Insights from the experts
Robin Hancock, Director of Restaurant Development at Wright Brothers, which he founded more than 20 years ago with his brother-in-law as a wholesale oyster import business, spoke about the company’s development into the wider shellfish and seafood trade, expansion into the restaurant and direct selling arena, the move into and out of oyster farming, and the introduction of a still-thriving home delivery service during Covid.  


A much-anticipated cookery lesson and hands-on oyster opening session sorted out the men from the boys, but everyone eventually gained the knack of pushing a knife into the shell at the correct place and twisting with just the right amount of pressure to release the meat – without injury!


The assistance and patience of Bobby Groves, an oyster sommelier who runs an oyster bar at the Chiltern Firehouse, was invaluable at this point, and he happily chatted about his book Oyster Isles, which documented a pilgrimage around the UK visiting as many oyster farms as he could manage.


The journalists were interested to learn how every location imparts a distinct merroir to the oysters, depending on local environmental conditions, and were keen to experience the different tastes of the oysters they opened.
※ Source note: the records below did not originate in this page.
(* Let $P$ be a domain and $D\ge 2$ an integer. Let $q_1,\dots,q_\ell$ ($\ell\ge1$) be distinct pixels of $P$ forming a path $q_1q_2\cdots q_\ell$ in $G_P$ whose pixel centers lie either on one straight segment or on two perpendicular segments meeting at one bend, such that $q_1$ is a boundary pixel and $\mathrm{vdist}(q_i)=i$ for $i=1,\dots,\ell$. Let $1\le J\le \ell$, and suppose $q_1,\dots,q_J$ carry no snow, each of $q_{J+1},\dots,q_\ell$ carries exactly one unit of snow, and the snowblower stands on $q_1$. Write $\ell-J=kD+r$ with integers $k\ge0$, $0\le r<D$, and let $\Delta=\frac1D\sum_{i=J+1}^{\ell} i$. Then in the default model there is a sequence of moves obeying the capacity constraint, in which the snowblower only visits pixels among $q_1,\dots,q_\ell$ and snow is only thrown onto pixels among $q_1,\dots,q_\ell$ or out of $P$, which ends with the snowblower on $q_1$ and none of $q_1,\dots,q_\ell$ carrying snow, and whose number of moves is at most $2(\ell-1)+4\Delta$ if $D\ge4$ and at most $2(\ell-1)+2\Delta$ if $D\in\{2,3\}$. Moreover, if $r=0$, the number of moves is at most $4\Delta$ if $D\ge 4$ and at most $2\Delta$ if $D\in\{2,3\}$.
   Context: A pixel is a closed unit square $[i,i+1]\times[j,j+1]$, $i,j\in\mathbb{Z}$; two pixels are adjacent if they share a side. The domain $P$ is a finite set of pixels whose dual graph $G_P$ (vertex per pixel, edges between adjacent pixels) is connected. A boundary side is a side of a pixel of $P$ not shared with another pixel of $P$; a boundary pixel is a pixel of $P$ with a boundary side. For $q\in P$, $\mathrm{vdist}(q)=1+\min_{b}\mathrm{dist}_{G_P}(q,b)$, the minimum over boundary pixels $b$ of $P$. A move (default model): the snowblower goes from its pixel $v$ to an adjacent pixel $u\in P$, and upon entering $u$ all snow on $u$ is thrown onto any chosen one of the four pixels adjacent to $u$ (including $v$); if that pixel is not in $P$ the snow disappears, otherwise it is added to the snow there. Capacity constraint: at all times every pixel of $P$ carries at most $D$ units of snow. *)

theory Defs
  imports Complex_Main
begin
theorem theorem11p1:
  fixes E :: "'a::{real_vector, topological_monoid_add, t2_space} itself"
  assumes scal_cont: "continuous_on UNIV (\<lambda>p::real \<times> 'a. fst p *\<^sub>R snd p)"
  defines "cond_i \<equiv> (\<exists>(f::(nat \<Rightarrow> real) \<Rightarrow> 'a) g.
              (\<forall>x\<in>fin_supp. \<forall>y\<in>fin_supp. f (\<lambda>n. x n + y n) = f x + f y) \<and>
              (\<forall>c. \<forall>x\<in>fin_supp. f (\<lambda>n. c * x n) = c *\<^sub>R f x) \<and>
              homeomorphism fin_supp (f ` fin_supp) f g)"
      and "cond_ii \<equiv> (\<exists>(f::(nat \<Rightarrow> int) \<Rightarrow> 'a) g.
              (\<forall>x\<in>fin_supp. \<forall>y\<in>fin_supp. f (\<lambda>n. x n + y n) = f x + f y) \<and>
              homeomorphism fin_supp (f ` fin_supp) f g)"
      and "cond_iii \<equiv> (\<exists>A::'a set. infinite A \<and> abs_cauchy_summable A)"
      and "cond_iv \<equiv> (\<exists>(f::(nat \<Rightarrow> real) \<Rightarrow> 'a) g.
              (\<forall>x y. f (\<lambda>n. x n + y n) = f x + f y) \<and>
              (\<forall>c x. f (\<lambda>n. c * x n) = c *\<^sub>R f x) \<and> homeomorphism UNIV (range f) f g)"
  shows "(cond_i \<longleftrightarrow> cond_ii) \<and> (cond_ii \<longleftrightarrow> cond_iii) \<and>
         (tvs_complete E \<longrightarrow> (cond_iii \<longleftrightarrow> cond_iv))"
proof -
  interpret topological_vector_space E
    by (rule topological_vector_space.intro[OF scal_cont])
  have "cond_i \<Longrightarrow> cond_ii"
    unfolding cond_i_def cond_ii_def by (elim exE conjE) (rule int_embedding_if_real_embedding)
  moreover have "cond_ii \<Longrightarrow> cond_iii"
    unfolding cond_ii_def cond_iii_def by (elim exE conjE) (rule abs_cauchy_summable_if_int_embedding)
  moreover have "cond_iii \<Longrightarrow> cond_i"
    unfolding cond_iii_def cond_i_def
    by (elim exE conjE) (rule fin_supp_embedding_if_abs_cauchy_summable)
  moreover have "cond_iii \<Longrightarrow> tvs_complete E \<Longrightarrow> cond_iv"
    unfolding cond_iii_def cond_iv_def
    by (elim exE conjE) (rule embedding_if_abs_cauchy_summable_complete)
  moreover have "cond_iv \<Longrightarrow> cond_i"
    unfolding cond_iv_def cond_i_def by (elim exE conjE) (rule fin_supp_embedding_if_embedding)
  ultimately show ?thesis
    by blast
qed

end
Those reticent to eat a raw oyster were more than happy with the cooked variety served up by CJ Jackson.


A mussel lesson followed, which demonstrated how easy it is to “debeard” mussels, when necessary, by giving a quick twist to the hairy byssus threads attached to the side of the shell.  And after a quick wash, they were ready to drop into a pan for steaming with a small splash of wine and herbs to taste. I was personally intrigued by one version cooked with rosemary, which imparted a novel flavour.


Three minutes later, the plump mussels were ready for the table, and were happily wolfed down straight from the pan, mopped up with sourdough bread.


The event has already enabled the journalists to produce some interesting copy, and most importantly, has given them newfound knowledge and interest, and industry contacts able to fact check for them in future.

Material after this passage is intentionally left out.